**SOURCE DATA**
________________________
(* For any $u\equiv 4,8\pmod{12}$ and $v\equiv 2,4\pmod 6$, there is no perfect 2-D $(u\times v,4,2)$-OOC.
   Context: A 2-D $(u\times v,4,2)$-OOC is a family $\mathcal C$ of $u\times v$ $(0,1)$-matrices of Hamming weight $4$ such that for all $A=(a_{ij}),B=(b_{ij})\in\mathcal C$ and integers $r$ with $A\ne B$ or $r\not\equiv0\pmod v$, $\sum_{i,j}a_{ij}b_{i,j+r}\le 2$ (column indices mod $v$). It is perfect if it has exactly $u(uv-1)(uv-2)/24$ codewords (equivalently, the cyclic column shifts of its codewords' supports cover each $3$-subset of $I_u\times Z_v$ exactly once). *)

theory Defs
  imports Main
begin

text \<open>A u x v (0,1)-matrix is represented by its support, a subset of
  {0..<u} x {0..<v} (row index, column index).\<close>

definition is_matrix_support :: "nat \<Rightarrow> nat \<Rightarrow> (nat \<times> nat) set \<Rightarrow> bool" where
  "is_matrix_support u v A \<longleftrightarrow> A \<subseteq> {0..<u} \<times> {0..<v}"

definition correlation :: "nat \<Rightarrow> (nat \<times> nat) set \<Rightarrow> (nat \<times> nat) set \<Rightarrow> int \<Rightarrow> nat" where
  "correlation v A B r = card {(i, j) \<in> A. (i, nat ((int j + r) mod int v)) \<in> B}"

definition is_2D_OOC_4_2 :: "nat \<Rightarrow> nat \<Rightarrow> (nat \<times> nat) set set \<Rightarrow> bool" where
  "is_2D_OOC_4_2 u v C \<longleftrightarrow>
     (\<forall>A\<in>C. is_matrix_support u v A \<and> card A = 4) \<and>
     (\<forall>A\<in>C. \<forall>B\<in>C. \<forall>r::int. (A \<noteq> B \<or> \<not> (int v dvd r)) \<longrightarrow> correlation v A B r \<le> 2)"

definition is_perfect_2D_OOC_4_2 :: "nat \<Rightarrow> nat \<Rightarrow> (nat \<times> nat) set set \<Rightarrow> bool" where
  "is_perfect_2D_OOC_4_2 u v C \<longleftrightarrow>
     is_2D_OOC_4_2 u v C \<and> finite C \<and> 24 * card C = u * (u * v - 1) * (u * v - 2)"

end

theory Submission
  imports Defs
begin

text \<open>
  The cyclic column shifts of the codewords of a perfect code form a Steiner quadruple system on
  the \<open>u v\<close> cells: the correlation bound makes the block through a triple unique, and the
  number of codewords makes it exist. For even \<open>v\<close>, shifting by \<open>v/2\<close> is an involutive
  automorphism without fixed cells and without fixed blocks (a fixed block would be a codeword
  with correlation 4 at a nontrivial shift). Fix a cell \<open>a\<close>; the blocks through \<open>a\<close> and its
  image pair off the remaining cells, and this pairing commutes with the involution but never
  pairs a cell with its image. So it induces a fixed-point-free involution on the \<open>u v/2 - 1\<close>
  orbits of those cells, whence \<open>u v \<equiv> 2 (mod 4)\<close>.
\<close>

section \<open>Fixed-point-free involutions\<close>

lemma card_eq_twice_card_orbits_of_involution:
  assumes "finite S"
    and closed: "\<And>x. x \<in> S \<Longrightarrow> \<sigma> x \<in> S"
    and involutive: "\<And>x. x \<in> S \<Longrightarrow> \<sigma> (\<sigma> x) = x"
    and no_fixpoint: "\<And>x. x \<in> S \<Longrightarrow> \<sigma> x \<noteq> x"
  shows "card S = 2 * card ((\<lambda>x. {x, \<sigma> x}) ` S)"
proof -
  let ?O = "(\<lambda>x. {x, \<sigma> x}) ` S"
  have orbit_eq: "{x, \<sigma> x} = {z, \<sigma> z}" if "x \<in> S" "z \<in> {x, \<sigma> x}" for x z
    using that involutive[of x] by (auto simp: insert_commute)
  have union: "\<Union>?O = S"
    using closed by blast
  have "2 * card ?O = card (\<Union>?O)"
  proof (rule card_partition)
    show "finite ?O" "finite (\<Union>?O)"
      using \<open>finite S\<close> unfolding union by simp_all
  next
    fix c assume "c \<in> ?O"
    then obtain x where "x \<in> S" "c = {x, \<sigma> x}"
      by blast
    then show "card c = 2"
      using no_fixpoint[of x] by simp
  next
    fix c1 c2 assume "c1 \<in> ?O" "c2 \<in> ?O" "c1 \<noteq> c2"
    then obtain x y where "x \<in> S" "y \<in> S" "c1 = {x, \<sigma> x}" "c2 = {y, \<sigma> y}"
      by blast
    then show "c1 \<inter> c2 = {}"
      using \<open>c1 \<noteq> c2\<close> orbit_eq by blast
  qed
  then show ?thesis
    unfolding union by simp
qed

corollary even_card_if_involution:
  assumes "finite S" "\<And>x. x \<in> S \<Longrightarrow> \<sigma> x \<in> S"
    "\<And>x. x \<in> S \<Longrightarrow> \<sigma> (\<sigma> x) = x" "\<And>x. x \<in> S \<Longrightarrow> \<sigma> x \<noteq> x"
  shows "even (card S)"
  using card_eq_twice_card_orbits_of_involution[OF assms] by simp

section \<open>Steiner quadruple systems with an involutive automorphism\<close>

locale steiner_quadruple_system =
  fixes P :: "'a set" and blocks :: "'a set set"
  assumes finite_points: "finite P"
    and block_subset: "B \<in> blocks \<Longrightarrow> B \<subseteq> P"
    and card_block: "B \<in> blocks \<Longrightarrow> card B = 4"
    and triple_covered: "T \<subseteq> P \<Longrightarrow> card T = 3 \<Longrightarrow> \<exists>B\<in>blocks. T \<subseteq> B"
    and triple_unique:
      "B \<in> blocks \<Longrightarrow> B' \<in> blocks \<Longrightarrow> T \<subseteq> B \<Longrightarrow> T \<subseteq> B' \<Longrightarrow> card T = 3 \<Longrightarrow> B = B'"
begin
definition pivot_eq_fst :: "axis \<Rightarrow> (axis \<Rightarrow> real) \<Rightarrow> cpoly \<times> cpoly \<Rightarrow> cpoly" where
  "pivot_eq_fst d k = (if d = X3 then dirac_fst k else dirac_snd k)"

definition pivot_eq_snd :: "axis \<Rightarrow> (axis \<Rightarrow> real) \<Rightarrow> cpoly \<times> cpoly \<Rightarrow> cpoly" where
  "pivot_eq_snd d k = (if d = X3 then dirac_snd k else dirac_fst k)"

lemma pivot_eqs_eq_0_iff:
  "pivot_eq_fst d k f r = 0 \<and> pivot_eq_snd d k f r = 0 \<longleftrightarrow> dirac_fst k f r = 0 \<and> dirac_snd k f r = 0"
  by (auto simp: pivot_eq_fst_def pivot_eq_snd_def)

lemma pivot_eqs_affine:
  assumes "\<And>j. j \<noteq> d \<Longrightarrow> fst g (raise j r) = fst f (raise j r) \<and> snd g (raise j r) = snd f (raise j r)"
  shows "pivot_eq_fst d k g r
           = pivot_eq_fst d k f r + pauli_fst d * dunkl_coeff k d r * (fst g (raise d r) - fst f (raise d r))"
    and "pivot_eq_snd d k g r
           = pivot_eq_snd d k f r + pauli_snd d * dunkl_coeff k d r * (snd g (raise d r) - snd f (raise d r))"
  using assms[of X1] assms[of X2] assms[of X3]
  by (cases d; simp add: pivot_eq_fst_def pivot_eq_snd_def dirac_fst_def dirac_snd_def algebra_simps)+

section \<open>Triangular pivot systems\<close>

(* The rows are the monomials r of degree n - 1, each carrying the two equations of D f at x^r,
   which involve the coefficients at raise j r only.  Since a row meets the pivots of other rows
   only in lower layers, solving the rows in order of increasing layer never disturbs a row
   already solved. *)
locale pivot_system =
  fixes k :: "axis \<Rightarrow> real" and n :: nat and dir :: "mexp \<Rightarrow> axis" and layer :: "mexp \<Rightarrow> nat"
  assumes pivot_coeff_nonzero: "mdegree r + 1 = n \<Longrightarrow> dunkl_coeff k (dir r) r \<noteq> 0"
    and layer_less:
      "\<lbrakk>mdegree r + 1 = n; mdegree r' + 1 = n; raise j r = raise (dir r') r'; r \<noteq> r'\<rbrakk>
         \<Longrightarrow> layer r' < layer r"
begin

abbreviation rows :: "mexp set" where
  "rows \<equiv> {r. mdegree r + 1 = n}"

definition pivot :: "mexp \<Rightarrow> mexp" where
  "pivot r = raise (dir r) r"

definition free :: "mexp set" where
  "free = {p. mdegree p = n} - pivot ` rows"

lemma inj_on_pivot: "inj_on pivot rows"
proof (rule inj_onI, rule ccontr)
  fix r r' assume "r \<in> rows" "r' \<in> rows" "pivot r = pivot r'" "r \<noteq> r'"
  then have "layer r' < layer r" "layer r < layer r'"
    using layer_less[of r r' "dir r"] layer_less[of r' r "dir r'"] by (auto simp: pivot_def)
  then show False
    by simp
qed

lemma finite_rows: "finite rows"
  using finite_mdegree_eq[of "n - 1"] by (rule finite_subset[rotated]) auto

lemma card_free: "card free = n + 1"
proof -
  have "pivot ` rows \<subseteq> {p. mdegree p = n}"
    by (auto simp: pivot_def)
  then have "card free = card {p. mdegree p = n} - card (pivot ` rows)"
    unfolding free_def using finite_rows by (intro card_Diff_subset) auto
  then show ?thesis
    using card_mdegree_eq[of n] card_image[OF inj_on_pivot] by simp
qed

lemma raise_notin_freeE:
  assumes "r \<in> rows" "raise j r \<notin> free"
  obtains r' where "r' \<in> rows" "raise j r = pivot r'"
  using assms by (auto simp: free_def)

definition solve_row :: "cpoly \<times> cpoly \<Rightarrow> mexp \<Rightarrow> cpoly \<times> cpoly" where
  "solve_row f r =
     (let p = pivot r; d = dir r; c = dunkl_coeff k d r
      in ((fst f)(p := fst f p - pivot_eq_fst d k f r / (pauli_fst d * c)),
          (snd f)(p := snd f p - pivot_eq_snd d k f r / (pauli_snd d * c))))"

lemma solve_row_apply:
  "p \<noteq> pivot r \<Longrightarrow> fst (solve_row f r) p = fst f p \<and> snd (solve_row f r) p = snd f p"
  by (simp add: solve_row_def Let_def)
(* Let $(\Omega,\mathcal{F})$ be a measurable space, $\mathcal{P}$ a nonempty set of probability measures on it, $\hat{\mathbb{E}}[Z]=\sup_{P\in\mathcal{P}}E_P[Z]$, and let $X,Y,Z$ be random variables with $\hat{\mathbb{E}}[X^2]+\hat{\mathbb{E}}[Y^2]+\hat{\mathbb{E}}[Z^2]<\infty$. Then: (1) $\overline{C}(X,Y)=\overline{C}(Y,X)$ and $\underline{C}(X,Y)=\underline{C}(Y,X)$; (2) for all $a,b\in\mathbb{R}$, $\overline{C}(X+a,Y+b)=\overline{C}(X,Y)$ and $\underline{C}(X+a,Y+b)=\underline{C}(X,Y)$; (3) $\overline{C}(X+Y,Z)\le\overline{C}(X,Z)+\overline{C}(Y,Z)$; (4) $\underline{C}(X+Y,Z)\ge\underline{C}(X,Z)+\underline{C}(Y,Z)$; (5) for all $a,b\in\mathbb{R}$ with $ab\ge0$, $\overline{C}(aX,bY)=ab\,\overline{C}(X,Y)$ and $\underline{C}(aX,bY)=ab\,\underline{C}(X,Y)$; (6) for all $a,b\in\mathbb{R}$ with $ab\le 0$, $\overline{C}(aX,bY)=ab\,\underline{C}(X,Y)$; in particular $\underline{C}(X,Y)=-\overline{C}(-X,Y)=-\overline{C}(X,-Y)$.
   Context: For a random variable $W$ with $\hat{\mathbb{E}}[W^2]<\infty$: $\overline{\mu}_W=\hat{\mathbb{E}}[W]$, $\underline{\mu}_W=-\hat{\mathbb{E}}[-W]$, $M_W=[\underline{\mu}_W,\overline{\mu}_W]$. Upper covariance: $\overline{C}(X,Y)=\max_{\mu_2\in M_Y}\min_{\mu_1\in M_X}\hat{\mathbb{E}}[(X-\mu_1)(Y-\mu_2)]$; lower covariance: $\underline{C}(X,Y)=\min_{\mu_2\in M_Y}\max_{\mu_1\in M_X}\left(-\hat{\mathbb{E}}[-(X-\mu_1)(Y-\mu_2)]\right)$. *)

theory Defs
  imports "HOL-Probability.Probability"
begin

definition sub_exp :: "'a measure set \<Rightarrow> ('a \<Rightarrow> real) \<Rightarrow> real" where
  "sub_exp Ps W = (SUP P\<in>Ps. integral\<^sup>L P W)"

definition upper_mean :: "'a measure set \<Rightarrow> ('a \<Rightarrow> real) \<Rightarrow> real" where
  "upper_mean Ps W = sub_exp Ps W"

definition lower_mean :: "'a measure set \<Rightarrow> ('a \<Rightarrow> real) \<Rightarrow> real" where
  "lower_mean Ps W = - sub_exp Ps (\<lambda>\<omega>. - W \<omega>)"

definition mean_interval :: "'a measure set \<Rightarrow> ('a \<Rightarrow> real) \<Rightarrow> real set" where
  "mean_interval Ps W = {lower_mean Ps W .. upper_mean Ps W}"

definition upper_cov :: "'a measure set \<Rightarrow> ('a \<Rightarrow> real) \<Rightarrow> ('a \<Rightarrow> real) \<Rightarrow> real" where
  "upper_cov Ps X Y =
     (SUP m2\<in>mean_interval Ps Y. INF m1\<in>mean_interval Ps X.
        sub_exp Ps (\<lambda>\<omega>. (X \<omega> - m1) * (Y \<omega> - m2)))"
theorem mainTheorem4:
  shows "(\<forall>n::nat. n \<ge> 1 \<longrightarrow>
            (\<exists>(S :: nat set) (Act :: nat set) P iota T (\<pi> :: nat \<Rightarrow> (nat, nat, nat) strat).
               is_mssp S Act P 2 iota T
             \<and> valid_profile S Act P 2 \<pi> \<and> mem_bounded (n + 1) 2 \<pi>
             \<and> E_MHit S P 2 iota T \<pi>
                 < (INF \<pi>' \<in> {\<pi>' :: nat \<Rightarrow> (nat, nat, nat) strat.
                                 valid_profile S Act P 2 \<pi>' \<and> mem_bounded n 2 \<pi>'}.
                      E_MHit S P 2 iota T \<pi>')))
       \<and> (\<forall>(S :: 's set) (Act :: 'a set) P k iota T (\<epsilon> :: real).
            is_mssp S Act P k iota T \<and> \<epsilon> > 0 \<longrightarrow>
            (\<exists>\<pi> :: nat \<Rightarrow> ('s, 'a, nat) strat.
               valid_profile S Act P k \<pi> \<and> finite_memory k \<pi>
             \<and> E_MHit S P k iota T \<pi>
                 \<le> (INF \<pi>' \<in> {\<pi>' :: nat \<Rightarrow> ('s, 'a, 'm) strat. valid_profile S Act P k \<pi>'}.
                      E_MHit S P k iota T \<pi>') + ennreal \<epsilon>))"
  by (intro conjI allI impI) (blast intro: memory_hierarchy eps_optimal_finite_memory)+

end
(* Let $0\le q\in L_1^{loc}(\mathbb{R})$ and suppose $q=q_1+q_2$ on $\mathbb{R}$, where $q_1>0$ is absolutely continuous and $q_2\in L_1^{loc}(\mathbb{R})$. Suppose there is a continuous function $s>0$ on $\mathbb{R}$ such that: (a) $s(x)\to\infty$ as $|x|\to\infty$; (b) $\frac{1}{s(x)}\ge\frac{|q_1'(x)|}{q_1(x)^2}$ for all $|x|$ sufficiently large; (c) $\lim_{|x|\to\infty}\frac{s(x)}{x\,q_1(x)}=0$; (d) for some $\nu\in[1,\infty)$, $\frac1\nu\le\frac{s(t)}{s(x)}\le\nu$ for all $t\in\Delta(x)$ and all $|x|$ sufficiently large, where $\Delta(x)=\big[x-\frac{s(x)}{q_1(x)},\,x+\frac{s(x)}{q_1(x)}\big]$; (e) $\varkappa_0:=\sup_{x\in\mathbb{R}}\tilde\varkappa(x)<\infty$, where $\tilde\varkappa(x)=\sup_{t\in\Delta(x)}|\varkappa_x(t)|$ and $\varkappa_x(t)=q_1(t)\int_x^t\frac{q_2(\xi)}{q_1(\xi)}d\xi$ for $t\in\Delta(x)$. Then, with $J(x)=\int_x^\infty\exp\big(-\int_x^t q(\xi)\,d\xi\big)\,dt$, there is a constant $c\in(0,\infty)$ such that $$\frac{c^{-1}}{q_1(x)}\le J(x)\le\frac{c}{q_1(x)},\quad x\in\mathbb{R}.$$ *)

theory Defs
  imports "HOL-Analysis.Analysis"
begin

definition abs_cont_on :: "(real \<Rightarrow> real) \<Rightarrow> real \<Rightarrow> real \<Rightarrow> bool" where
  "abs_cont_on f a b \<longleftrightarrow>
     (\<forall>\<epsilon>>0. \<exists>\<delta>>0. \<forall>(n::nat) (u::nat \<Rightarrow> real) (v::nat \<Rightarrow> real).
        (\<forall>i<n. a \<le> u i \<and> u i \<le> v i \<and> v i \<le> b) \<and>
        (\<forall>i<n. \<forall>j<n. i \<noteq> j \<longrightarrow> v i \<le> u j \<or> v j \<le> u i) \<and>
        (\<Sum>i<n. v i - u i) < \<delta>
        \<longrightarrow> (\<Sum>i<n. \<bar>f (v i) - f (u i)\<bar>) < \<epsilon>)"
________________________
**TASK DETAILS**
Of the entries above, tally the lines with "fixes" in them. Only the total should be given.

**TASK RESPONSE**
2